VAIL – The year was 1988 and the Ford Amphitheater was in the midst of celebrating its sophomore year as the Vail Valley’s newest summer attraction. The inaugural season had featured performances by Willie Nelson, the opening season of the Bravo! Vail Valley Music Festival and the kickoff for the Hot Summer Nights free concert series.However, there was still one performance element missing from the fledgling facilities’ repertoire. That was until July 16, 1988, when the Cleo Parker Robinson Dance Ensemble came to town, marking the first dance troupe to ever grace the stage.

Now, 18 years later, Denver’s Cleo Parker Robinson Dance will return to the Ford Amphitheater Tuesday at 7:30 p.m. to help celebrate the Vail International Dance Festival’s “Different Dimensions” performance.
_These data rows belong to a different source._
theorem propositionA5:
  fixes t :: real and m n :: nat
  assumes "-1 < t" and "t < 1"
  shows "(t \<noteq> 0 \<and> m + 2 \<le> n \<longrightarrow>
           assoc_legendre n m t * deriv (assoc_legendre (n - 2) m) t
           - assoc_legendre (n - 2) m t * deriv (assoc_legendre n m) t \<noteq> 0)
       \<and> (m \<le> n \<longrightarrow>
           \<not> (assoc_legendre n m t = 0 \<and> deriv (assoc_legendre n m) t = 0))"
proof -
  define \<sigma> where "\<sigma> = sqrt (1 - t\<^sup>2) ^ m"
  have "t\<^sup>2 < 1"
    using assms by (simp add: abs_square_less_1)
  then have "\<sigma> > 0" and "t\<^sup>2 \<noteq> 1"
    by (simp_all add: \<sigma>_def)
  have assoc_eq: "assoc_legendre k m t = \<sigma> * poly (legendre_deriv k m) t" for k
    by (simp add: assoc_legendre_def legendre_deriv_def \<sigma>_def)
  note derivative = deriv_assoc_legendre[OF assms]
  show ?thesis
  proof (intro conjI impI)
    assume "t \<noteq> 0 \<and> m + 2 \<le> n"
    then have "t * wronskian (legendre_deriv n m) (legendre_deriv (n - 2) m) t < 0"
      using legendre_wronskian_sign by blast
    moreover have "assoc_legendre n m t * deriv (assoc_legendre (n - 2) m) t
        - assoc_legendre (n - 2) m t * deriv (assoc_legendre n m) t =
        \<sigma>\<^sup>2 * wronskian (legendre_deriv n m) (legendre_deriv (n - 2) m) t"
      unfolding assoc_eq derivative wronskian_def \<sigma>_def by (simp add: algebra_simps power2_eq_square)
    ultimately show "assoc_legendre n m t * deriv (assoc_legendre (n - 2) m) t
        - assoc_legendre (n - 2) m t * deriv (assoc_legendre n m) t \<noteq> 0"
      using \<open>\<sigma> > 0\<close> by auto
  next
    assume "m \<le> n"
    then show "\<not> (assoc_legendre n m t = 0 \<and> deriv (assoc_legendre n m) t = 0)"
      using legendre_deriv_no_double_zero[OF _ \<open>t\<^sup>2 \<noteq> 1\<close>] \<open>\<sigma> > 0\<close>
      unfolding assoc_eq derivative \<sigma>_def[symmetric] by auto
  qed
qed

end
lemma mono_integrable_on_interval:
  fixes G :: "real \<Rightarrow> real"
  shows "mono G \<Longrightarrow> G integrable_on {a..b}"
  by (rule integrable_on_mono_on) (simp add: mono_on_def mono_def)

lemma mono_integral_interval_bounds:
  fixes G :: "real \<Rightarrow> real"
  assumes "mono G" "a \<le> b"
  shows "G a * (b - a) \<le> integral {a..b} G" "integral {a..b} G \<le> G b * (b - a)"
proof -
  have "integral {a..b} (\<lambda>_. G a) \<le> integral {a..b} G"
    by (rule integral_le) (use assms mono_integrable_on_interval monoD in auto)
  then show "G a * (b - a) \<le> integral {a..b} G" using assms by (simp add: mult.commute)
  have "integral {a..b} G \<le> integral {a..b} (\<lambda>_. G b)"
    by (rule integral_le) (use assms mono_integrable_on_interval monoD in auto)
  then show "integral {a..b} G \<le> G b * (b - a)" using assms by (simp add: mult.commute)
qed

lemma Ghat_diff:
  fixes G :: "real \<Rightarrow> real"
  assumes "mono G" "vmin \<le> a" "a \<le> b"
  shows "Ghat vmin G b - Ghat vmin G a = integral {a..b} G"
  using Henstock_Kurzweil_Integration.integral_combine[OF assms(2,3) mono_integrable_on_interval[OF assms(1)]]
  unfolding Ghat_def by simp

lemma Psi_diag [simp]: "Psi vmin G x x = Ghat vmin G x"
  by (simp add: Psi_def)

lemma Psi_le_Ghat:
  fixes G :: "real \<Rightarrow> real"
  assumes "mono G" "vmin \<le> x" "vmin \<le> b"
  shows "Psi vmin G x b \<le> Ghat vmin G x"
proof (cases "b \<le> x")
  case True
  then show ?thesis
    using Ghat_diff[OF assms(1,3) True] mono_integral_interval_bounds[OF assms(1) True]
    unfolding Psi_def by (simp add: algebra_simps)
next
  case False
  then have "x \<le> b" by simp
  then show ?thesis
    using Ghat_diff[OF assms(1,2) \<open>x \<le> b\<close>] mono_integral_interval_bounds[OF assms(1) \<open>x \<le> b\<close>]
    unfolding Psi_def by (simp add: algebra_simps)
qed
The company will join forces with San Francisco’s ODC/Dance and the Nevada Ballet Theatre for a triple-header evening, billed as a “festival within a festival.”Founded in 1970 with the belief that the language of dance transcends the boundaries of culture, class and age, the company is committed to bringing dance into the lives of many diverse people.

Artistic director Robinson is a master teacher and choreographer, as well as a cultural ambassador, who has taught and performed with her troupe throughout the world. In 1994, the Denver native was inducted into the Blacks in Colorado Hall of Fame, while in 1998, former President Clinton named Robinson as one of two artists to be appointed to the National Council of the Arts.This time around, Cleo Parker Robinson’s contribution to Different Dimensions will feature a performance of Raindance, choreographed by Milton Myers to the music of “Equinox” by Jean Michel Jarre. Fittingly, Raindance was also included as part of the 1988 performance.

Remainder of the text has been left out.